While Rocket Ismail was the star on the field, John Candy was the indisputable star off it. The comedic actor — who loved the Argos with a passion — turns out to be the most vivid character in Year of the Rocket. He may have died in 1994, but he almost comes back to life in these pages. Whereas Ismail is missing practices, sleeping in, and generally being a petulant young man with too much responsibility foisted upon him, Candy is buying drinks for the house, travelling to games across the country in private jets, and staying up all night having a good time. “I’ve never seen anyone party as hard as John Candy did,” observes the former Saskatchewan Roughrider president Phil Kershaw.

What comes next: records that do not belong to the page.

lemma ln_max_step_bound:
  assumes "algebraic a" "algebraic b" "a \<noteq> 0 \<or> b \<noteq> 0" "algebraic lam" "d \<ge> 1"
    and "0 < m" "m \<le> 1" "1 \<le> M" "m \<le> v lam" "v lam \<le> M"
  shows "\<bar>ln (max (v (a ^ d + lam * b ^ d)) (v (a * b ^ (d - 1)))) - d * ln (max (v a) (v b))\<bar>
           \<le> ln (2 * M) - ln m"
proof -
  have alg: "algebraic (a ^ d)" "algebraic (lam * b ^ d)"
    using assms by (simp_all add: algebraic_power algebraic_mult)
  have v_ad: "v (a ^ d) = v a ^ d" and v_lbd: "v (lam * b ^ d) = v lam * v b ^ d"
    using assms by (simp_all add: power mult algebraic_power)
  have "v a \<ge> 0" "v b \<ge> 0"
    using assms nonneg by simp_all
  moreover have "v a \<noteq> 0 \<or> v b \<noteq> 0"
    using assms eq_0_iff by blast
  ultimately have max_pos: "max (v a) (v b) > 0"
    by linarith
  define p where "p = v (a ^ d + lam * b ^ d)"
  have "\<bar>v a ^ d - v lam * v b ^ d\<bar> \<le> p" "p \<le> v a ^ d + v lam * v b ^ d"
    using reverse_triangle[OF alg] reverse_triangle[OF alg(2,1)] triangle[OF alg]
    unfolding p_def v_ad v_lbd by (auto simp: add.commute)
  moreover have "v (a * b ^ (d - 1)) = v a * v b ^ (d - 1)"
    using assms by (simp add: mult power algebraic_power)
  moreover have "0 \<le> v lam"
    using assms by linarith
  ultimately have "m / (2 * M) * max (v a) (v b) ^ d \<le> max p (v (a * b ^ (d - 1)))"
    and "max p (v (a * b ^ (d - 1))) \<le> 2 * M * max (v a) (v b) ^ d"
    using max_step_lower_bound[of d "v a" "v b" m M "v lam" p]
      max_step_upper_bound[of d "v a" "v b" M "v lam" p] assms \<open>v a \<ge> 0\<close> \<open>v b \<ge> 0\<close>
    by simp_all
  then have "\<bar>ln (max p (v (a * b ^ (d - 1)))) - d * ln (max (v a) (v b))\<bar>
      \<le> max (ln (2 * M)) (- ln (m / (2 * M)))"
    using abs_ln_sub_power_le max_pos assms by simp
  moreover have "- ln (m / (2 * M)) = ln (2 * M) - ln m" "ln m \<le> 0"
    using assms by (simp_all add: ln_div)
  ultimately show ?thesis
    by (simp add: p_def)
qed

end

section \<open>The iteration at a point\<close>

lemma coprime_imp_no_common_root:
  assumes "coprime p q" "poly p x = 0" "poly q x = 0"
  shows False
proof -
  have "[:- x, 1:] dvd p" "[:- x, 1:] dvd q"
    using assms by (simp_all add: poly_eq_0_iff_dvd)
  with \<open>coprime p q\<close> have "is_unit [:- x, 1:]"
    using coprime_common_divisor by blast
  then show False
    by (simp add: is_unit_poly_iff)
qed

lemma poly_div_X:
  fixes p :: "'a::field poly"
  assumes "poly p 0 = 0" "x \<noteq> 0"
  shows "poly (p div [:0, 1:]) x = poly p x / x"
proof -
  have "[:0, 1:] dvd p"
    using assms poly_eq_0_iff_dvd[of p 0] by simp
  then have "poly p x = poly (p div [:0, 1:] * [:0, 1:]) x"
    by (simp only: dvd_div_mult_self)
  also have "\<dots> = poly (p div [:0, 1:]) x * x"
    by simp
  finally show ?thesis
    using \<open>x \<noteq> 0\<close> by simp
qed

lemma step_pair_nonzero:
  fixes a b lam :: "'a::idom"
  assumes "d \<ge> 2" "lam \<noteq> 0" "a \<noteq> 0 \<or> b \<noteq> 0"
  shows "a ^ d + lam * b ^ d \<noteq> 0 \<or> a * b ^ (d - 1) \<noteq> 0"
  using assms by (cases "a = 0") (auto simp: power_0_left)

lemma poly_ABseq_Suc_Suc:
  "poly (fst (ABseq d A B (Suc (Suc n)))) x
     = poly (fst (ABseq d A B (Suc n))) x ^ d + x * poly (snd (ABseq d A B (Suc n))) x ^ d"
  "poly (snd (ABseq d A B (Suc (Suc n)))) x
     = poly (fst (ABseq d A B (Suc n))) x * poly (snd (ABseq d A B (Suc n))) x ^ (d - 1)"
  by (simp_all add: case_prod_beta Let_def)

lemma poly_ABseq_1:
  assumes "d \<ge> 1" "x \<noteq> 0"
  obtains c where "c = 1 \<or> c = 1 / x"
    and "poly (fst (ABseq d A B 1)) x = c * (poly A x ^ d + x * poly B x ^ d)"
    and "poly (snd (ABseq d A B 1)) x = c * (poly A x * poly B x ^ (d - 1))"
proof -
  define P Q where "P = A ^ d + [:0, 1:] * B ^ d" and "Q = A * B ^ (d - 1)"
  have AB1: "ABseq d A B 1 = (if poly A 0 \<noteq> 0 then (P, Q) else (P div [:0, 1:], Q div [:0, 1:]))"
    unfolding P_def Q_def One_nat_def ABseq.simps(2) ..
  have PQ: "poly P x = poly A x ^ d + x * poly B x ^ d" "poly Q x = poly A x * poly B x ^ (d - 1)"
    by (simp_all add: P_def Q_def)
  show ?thesis
  proof (cases "poly A 0 = 0")
    case True
    then have "poly P 0 = 0" "poly Q 0 = 0"
      using \<open>d \<ge> 1\<close> by (simp_all add: P_def Q_def zero_power)
    with True that[of "1 / x"] show ?thesis
      unfolding AB1 using \<open>x \<noteq> 0\<close> by (simp add: poly_div_X PQ)
  next
    case False
    with that[of 1] show ?thesis
      unfolding AB1 by (simp add: PQ)
  qed
qed

lemma poly_ABseq_nonvanishing:
  assumes "d \<ge> 2" "alg_poly A" "alg_poly B" "coprime A B" "algebraic lam" "lam \<noteq> 0" "k \<ge> 1"
  shows "algebraic (poly (fst (ABseq d A B k)) lam) \<and> algebraic (poly (snd (ABseq d A B k)) lam)
    \<and> (poly (fst (ABseq d A B k)) lam \<noteq> 0 \<or> poly (snd (ABseq d A B k)) lam \<noteq> 0)"
  using \<open>k \<ge> 1\<close>
proof (induction k rule: dec_induct)
  case base
  let ?a = "poly A lam" and ?b = "poly B lam"
  obtain c where c: "c = 1 \<or> c = 1 / lam"
    and a1: "poly (fst (ABseq d A B 1)) lam = c * (?a ^ d + lam * ?b ^ d)"
    and b1: "poly (snd (ABseq d A B 1)) lam = c * (?a * ?b ^ (d - 1))"
    using poly_ABseq_1[of d lam A B] assms by auto
  have "algebraic c" "c \<noteq> 0"
    using c assms by (auto simp: divide_inverse)
  moreover have "algebraic ?a" "algebraic ?b" "?a \<noteq> 0 \<or> ?b \<noteq> 0"
    using assms algebraic_poly coprime_imp_no_common_root by blast+
  ultimately show ?case
    unfolding a1 b1 using step_pair_nonzero[of d lam ?a ?b] assms
    by (simp add: algebraic_add algebraic_mult algebraic_power)
next
  case (step k)
  then obtain j where k: "k = Suc j"
    by (cases k) auto
  let ?a = "poly (fst (ABseq d A B (Suc j))) lam" and ?b = "poly (snd (ABseq d A B (Suc j))) lam"
  have "?a ^ d + lam * ?b ^ d \<noteq> 0 \<or> ?a * ?b ^ (d - 1) \<noteq> 0"
    using step_pair_nonzero[of d lam ?a ?b] step.IH assms unfolding k by blast
  moreover have "algebraic (?a ^ d + lam * ?b ^ d)" "algebraic (?a * ?b ^ (d - 1))"
    using step.IH \<open>algebraic lam\<close> unfolding k
    by (simp_all add: algebraic_add algebraic_mult algebraic_power)
  ultimately show ?case
    unfolding k poly_ABseq_Suc_Suc by blast
qed

theorem proposition5p2:
  fixes d :: nat and A B :: "complex poly" and lam :: complex and v :: "complex \<Rightarrow> real"
    and m M :: real and n0 n :: nat
  assumes "d \<ge> 2"
    and "alg_poly A" and "alg_poly B" and "A \<noteq> 0" and "B \<noteq> 0" and "coprime A B"
    and "algebraic lam" and "lam \<noteq> 0"
    and "abs_value_alg v"
    and "0 < m" and "m \<le> 1" and "1 \<le> M"
    and "m \<le> v lam" and "v lam \<le> M"
    and "1 \<le> n0" and "n0 \<le> n"
  shows "\<bar>ln (Mnv v d A B n lam) / real d ^ n - ln (Mnv v d A B n0 lam) / real d ^ n0\<bar>
           \<le> (ln (2 * M) - ln m) / (real d ^ n0 * (real d - 1))"
proof -
  interpret alg_abs_value v
    by (rule alg_abs_value.intro) fact
  have step: "\<bar>ln (Mnv v d A B (Suc k) lam) - d * ln (Mnv v d A B k lam)\<bar> \<le> ln (2 * M) - ln m"
    if "k \<ge> n0" for k
  proof -
    obtain j where k: "k = Suc j"
      using \<open>k \<ge> n0\<close> \<open>1 \<le> n0\<close> by (cases k) auto
    let ?a = "poly (fst (ABseq d A B (Suc j))) lam" and ?b = "poly (snd (ABseq d A B (Suc j))) lam"
    have "algebraic ?a" "algebraic ?b" "?a \<noteq> 0 \<or> ?b \<noteq> 0"
      using poly_ABseq_nonvanishing[of d A B lam "Suc j"] assms by simp_all
    then show ?thesis
      using ln_max_step_bound[of ?a ?b lam d m M] assms
      unfolding k Mnv_def poly_ABseq_Suc_Suc by simp
  qed
  have "real d > 1"
    using \<open>d \<ge> 2\<close> by simp
  from telescoping_geometric_bound[where g = "\<lambda>k. ln (Mnv v d A B k lam)", OF this step \<open>n0 \<le> n\<close>]
  show ?thesis .
qed

end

All of the components of a compelling story are in place, but Year of the Rocket never rises up to be much more than an average sports book. Woods explains what happened, who scored, and who said what, but he undermines himself to some degree with writing that needed to be sharper and insight that needed to go deeper. He includes numerous quotations without specifying whether they were contemporaneous or came via interview much later (interestingly, Ismail refused the request for his story), and he follows most of these with “says,” rather than mixing it up — a somewhat careless repetition that comes at the expense of context.
Woods does, however, pepper the book with numerous entertaining anecdotes: Adam Rita, head coach of the Argos, made Matt Dunigan’s wife and parents sign off on his playing in the Grey Cup, for example, after doctors cleared the quarterback despite a broken collarbone. Woods also spends a full chapter investigating the infamous frozen beer can that a mysterious someone threw at Ismail as he galloped toward a Grey Cup touchdown in Winnipeg. It’s a Warren Commission Lite — and a fun read.
Given the state of the good ship Argonaut in 2021, simply researching and publishing this book was an act of courage and faith. Diehard fans will enjoy it. But it’s the casual fan whom the Argos, writers, and publishers need to work harder and smarter to find.